▸ TASK INSTRUCTIONS: Below are the records; copy exactly the stretch from the line containing "fix i j assume" through the line containing "using Dp Hi", both ends included, and nothing else.

▸ INPUT:
lemma imaginary_char_matrix_square_kernel:
  assumes H_pd: "\<forall>v\<in>carrier_vec N. v \<noteq> 0\<^sub>v N \<longrightarrow> v \<bullet> (H *\<^sub>v v) > 0"
    and re0: "Re lam = 0" and y: "y \<in> carrier_vec N"
    and sq: "char_matrix (cmat A) lam *\<^sub>v (char_matrix (cmat A) lam *\<^sub>v y) = 0\<^sub>v N"
  shows "char_matrix (cmat A) lam *\<^sub>v y = 0\<^sub>v N"
proof (rule ccontr)
  define z where "z = char_matrix (cmat A) lam *\<^sub>v y"
  have Ac: "cmat A \<in> carrier_mat N N" using A by simp
  have z: "z \<in> carrier_vec N" unfolding z_def using mult_mat_vec_carrier[OF char_matrix_closed[OF Ac] y] .
  assume "char_matrix (cmat A) lam *\<^sub>v y \<noteq> 0\<^sub>v N"
  then have "eigenvector (cmat A) z lam"
    using sq z unfolding eigenvector_char_matrix[OF Ac] z_def by simp
  then have "H_inner H z z = 0"
    using H_inner_char_matrix_imaginary_eigenvector[OF _ re0 y] unfolding z_def by simp
  then have "z = 0\<^sub>v N" using pd_Re_H_inner_self_eq_0_imp_eq_0[OF H H_pd z] by simp
  with \<open>char_matrix (cmat A) lam *\<^sub>v y \<noteq> 0\<^sub>v N\<close> show False unfolding z_def by simp
qed

lemma imaginary_alg_mult_eq_geom_mult:
  assumes "\<forall>v\<in>carrier_vec N. v \<noteq> 0\<^sub>v N \<longrightarrow> v \<bullet> (H *\<^sub>v v) > 0" and "Re lam = 0"
  shows "alg_mult (cmat A) lam = geom_mult (cmat A) lam"
  using A imaginary_char_matrix_square_kernel[OF assms]
  by (intro alg_mult_eq_geom_mult_if_square_kernel[of _ N]) auto

end

lemma outer_carrier: "p \<in> carrier_vec N \<Longrightarrow> outer p p \<in> carrier_mat N N"
  unfolding outer_def by auto

lemma transpose_outer: "(outer p r)\<^sup>T = outer r p"
  unfolding outer_def by (intro eq_matI) auto

lemma quadratic_form_outer:
  assumes p: "p \<in> carrier_vec N" and v: "v \<in> carrier_vec N"
  shows "v \<bullet> (outer p p *\<^sub>v v) = (p \<bullet> v)^2"
proof -
  have "v \<bullet> (outer p p *\<^sub>v v) = (\<Sum>i\<in>{0..<N}. v $ i * (\<Sum>j\<in>{0..<N}. p $ i * p $ j * v $ j))"
    using p v unfolding outer_def by (simp add: scalar_prod_def mult_mat_vec_def)
  also have "\<dots> = (\<Sum>i\<in>{0..<N}. p $ i * v $ i) * (\<Sum>j\<in>{0..<N}. p $ j * v $ j)"
    by (simp add: sum_distrib_left sum_distrib_right algebra_simps)
  also have "\<dots> = (p \<bullet> v)^2" using p v by (simp add: scalar_prod_def power2_eq_square)
  finally show ?thesis .
qed

lemma SBP_pair_H_accretive:
  assumes sbp: "SBP_pair n q a b Dp Dm H S p0 pn x"
    and Hinv: "Hinv \<in> carrier_mat (n+1) (n+1)" "H * Hinv = 1\<^sub>m (n+1)"
  shows "H_accretive (n+1) (Dp + Hinv * outer p0 p0) H (outer p0 p0 + outer pn pn + S)"
proof -
  define N where "N = n + 1"
  define P where "P = outer p0 p0"
  define Pn where "Pn = outer pn pn"
  have Dp: "Dp \<in> carrier_mat N N" and H: "H \<in> carrier_mat N N" and S: "S \<in> carrier_mat N N"
    and p0: "p0 \<in> carrier_vec N" and pn: "pn \<in> carrier_vec N" and H_sym: "H\<^sup>T = H"
    and SBP: "H * Dp + Dp\<^sup>T * H = - P + Pn + S"
    and S_sym: "S\<^sup>T = S" and S_psd: "\<forall>v \<in> carrier_vec N. v \<bullet> (S *\<^sub>v v) \<ge> 0"
    using sbp unfolding SBP_pair_def N_def P_def Pn_def by auto
  have Hi: "Hinv \<in> carrier_mat N N" and HHi: "H * Hinv = 1\<^sub>m N" using Hinv unfolding N_def by auto
  have P: "P \<in> carrier_mat N N" and Pn: "Pn \<in> carrier_mat N N"
    unfolding P_def Pn_def using p0 pn by (auto intro: outer_carrier)
  have P_sym: "P\<^sup>T = P" and Pn_sym: "Pn\<^sup>T = Pn" unfolding P_def Pn_def by (simp_all add: transpose_outer)
  have HiH: "Hinv\<^sup>T * H = 1\<^sub>m N"
    using transpose_mult[OF H Hi] H_sym HHi by simp
  have left: "H * (Dp + Hinv * P) = H * Dp + P"
    using H Dp Hi P HHi
    by (simp add: mult_add_distrib_mat[of _ N N] assoc_mult_mat[of _ N N _ N _ N, symmetric])
  have right: "(Dp + Hinv * P)\<^sup>T * H = Dp\<^sup>T * H + P"
    using H Dp Hi P HiH P_sym
    by (simp add: transpose_add[of _ N N] transpose_mult[of _ N N] add_mult_distrib_mat[of _ N N]
        assoc_mult_mat[of _ N N _ N _ N])
  have energy: "H * (Dp + Hinv * P) + (Dp + Hinv * P)\<^sup>T * H = P + Pn + S"
  proof (rule eq_matI)
    fix i j assume "i < dim_row (P + Pn + S)" "j < dim_col (P + Pn + S)"
    then have ij: "i < N" "j < N" using S by auto
    have "(H * Dp) $$ (i,j) + (Dp\<^sup>T * H) $$ (i,j) = - P $$ (i,j) + Pn $$ (i,j) + S $$ (i,j)"
      using arg_cong[OF SBP, of "\<lambda>X. X $$ (i,j)"] ij H Dp P Pn S by simp
    then show "(H * (Dp + Hinv * P) + (Dp + Hinv * P)\<^sup>T * H) $$ (i, j) = (P + Pn + S) $$ (i, j)"
      unfolding left right using ij H Dp P Pn S by simp
  qed (use H Dp Hi P S in auto)
  have psd: "v \<bullet> ((P + Pn + S) *\<^sub>v v) \<ge> 0" if v: "v \<in> carrier_vec N" for v
  proof -
    have "v \<bullet> ((P + Pn + S) *\<^sub>v v) = (p0 \<bullet> v)^2 + (pn \<bullet> v)^2 + v \<bullet> (S *\<^sub>v v)"
      using P Pn S v quadratic_form_outer[OF p0 v] quadratic_form_outer[OF pn v]
      by (simp add: P_def Pn_def add_mult_distrib_mat_vec[of _ N N] scalar_prod_add_distrib[of _ N])
    then show ?thesis using S_psd v by simp
  qed
  show ?thesis
    unfolding N_def[symmetric] P_def[symmetric] Pn_def[symmetric]
    using Dp Hi P Pn H S P_sym Pn_sym S_sym energy psd
    by unfold_locales (auto simp: transpose_add)
qed

theorem lemma3:
  fixes n q :: nat and a b :: real
    and Dp Dm H S Hinv :: "real mat" and p0 pn x :: "real vec"
    and lam :: complex and w :: "complex vec"
  assumes "b > a" and "n \<ge> 1" and "q \<ge> 1"
    and sbp: "SBP_pair n q a b Dp Dm H S p0 pn x"
    and Hinv: "Hinv \<in> carrier_mat (n+1) (n+1)" "H * Hinv = 1\<^sub>m (n+1)"
    and eig: "eigenvector (cmat (Dp + Hinv * outer p0 p0)) w lam"
    and re0: "Re lam = 0"
  shows "(\<forall>v u \<mu>. eigenvector (cmat (Dp + Hinv * outer p0 p0)) v lam \<longrightarrow>
                 eigenvector (cmat (Dp + Hinv * outer p0 p0)) u \<mu> \<longrightarrow> \<mu> \<noteq> lam \<longrightarrow>
                 H_inner H v u = 0)
       \<and> alg_mult (cmat (Dp + Hinv * outer p0 p0)) lam
           = geom_mult (cmat (Dp + Hinv * outer p0 p0)) lam"
proof -
  interpret H_accretive "n+1" "Dp + Hinv * outer p0 p0" H "outer p0 p0 + outer pn pn + S"
    using sbp Hinv by (rule SBP_pair_H_accretive)
  have H_pd: "\<forall>v\<in>carrier_vec (n+1). v \<noteq> 0\<^sub>v (n+1) \<longrightarrow> v \<bullet> (H *\<^sub>v v) > 0"
    using sbp unfolding SBP_pair_def by blast
  show ?thesis
    using imaginary_eigenvector_H_orthogonal[OF _ re0] imaginary_alg_mult_eq_geom_mult[OF H_pd re0]
    by blast
qed

end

▸ EXERCISE OUTPUT:
    fix i j assume "i < dim_row (P + Pn + S)" "j < dim_col (P + Pn + S)"
    then have ij: "i < N" "j < N" using S by auto
    have "(H * Dp) $$ (i,j) + (Dp\<^sup>T * H) $$ (i,j) = - P $$ (i,j) + Pn $$ (i,j) + S $$ (i,j)"
      using arg_cong[OF SBP, of "\<lambda>X. X $$ (i,j)"] ij H Dp P Pn S by simp
    then show "(H * (Dp + Hinv * P) + (Dp + Hinv * P)\<^sup>T * H) $$ (i, j) = (P + Pn + S) $$ (i, j)"
      unfolding left right using ij H Dp P Pn S by simp
  qed (use H Dp Hi P S in auto)
  have psd: "v \<bullet> ((P + Pn + S) *\<^sub>v v) \<ge> 0" if v: "v \<in> carrier_vec N" for v
  proof -
    have "v \<bullet> ((P + Pn + S) *\<^sub>v v) = (p0 \<bullet> v)^2 + (pn \<bullet> v)^2 + v \<bullet> (S *\<^sub>v v)"
      using P Pn S v quadratic_form_outer[OF p0 v] quadratic_form_outer[OF pn v]
      by (simp add: P_def Pn_def add_mult_distrib_mat_vec[of _ N N] scalar_prod_add_distrib[of _ N])
    then show ?thesis using S_psd v by simp
  qed
  show ?thesis
    unfolding N_def[symmetric] P_def[symmetric] Pn_def[symmetric]
    using Dp Hi P Pn H S P_sym Pn_sym S_sym energy psd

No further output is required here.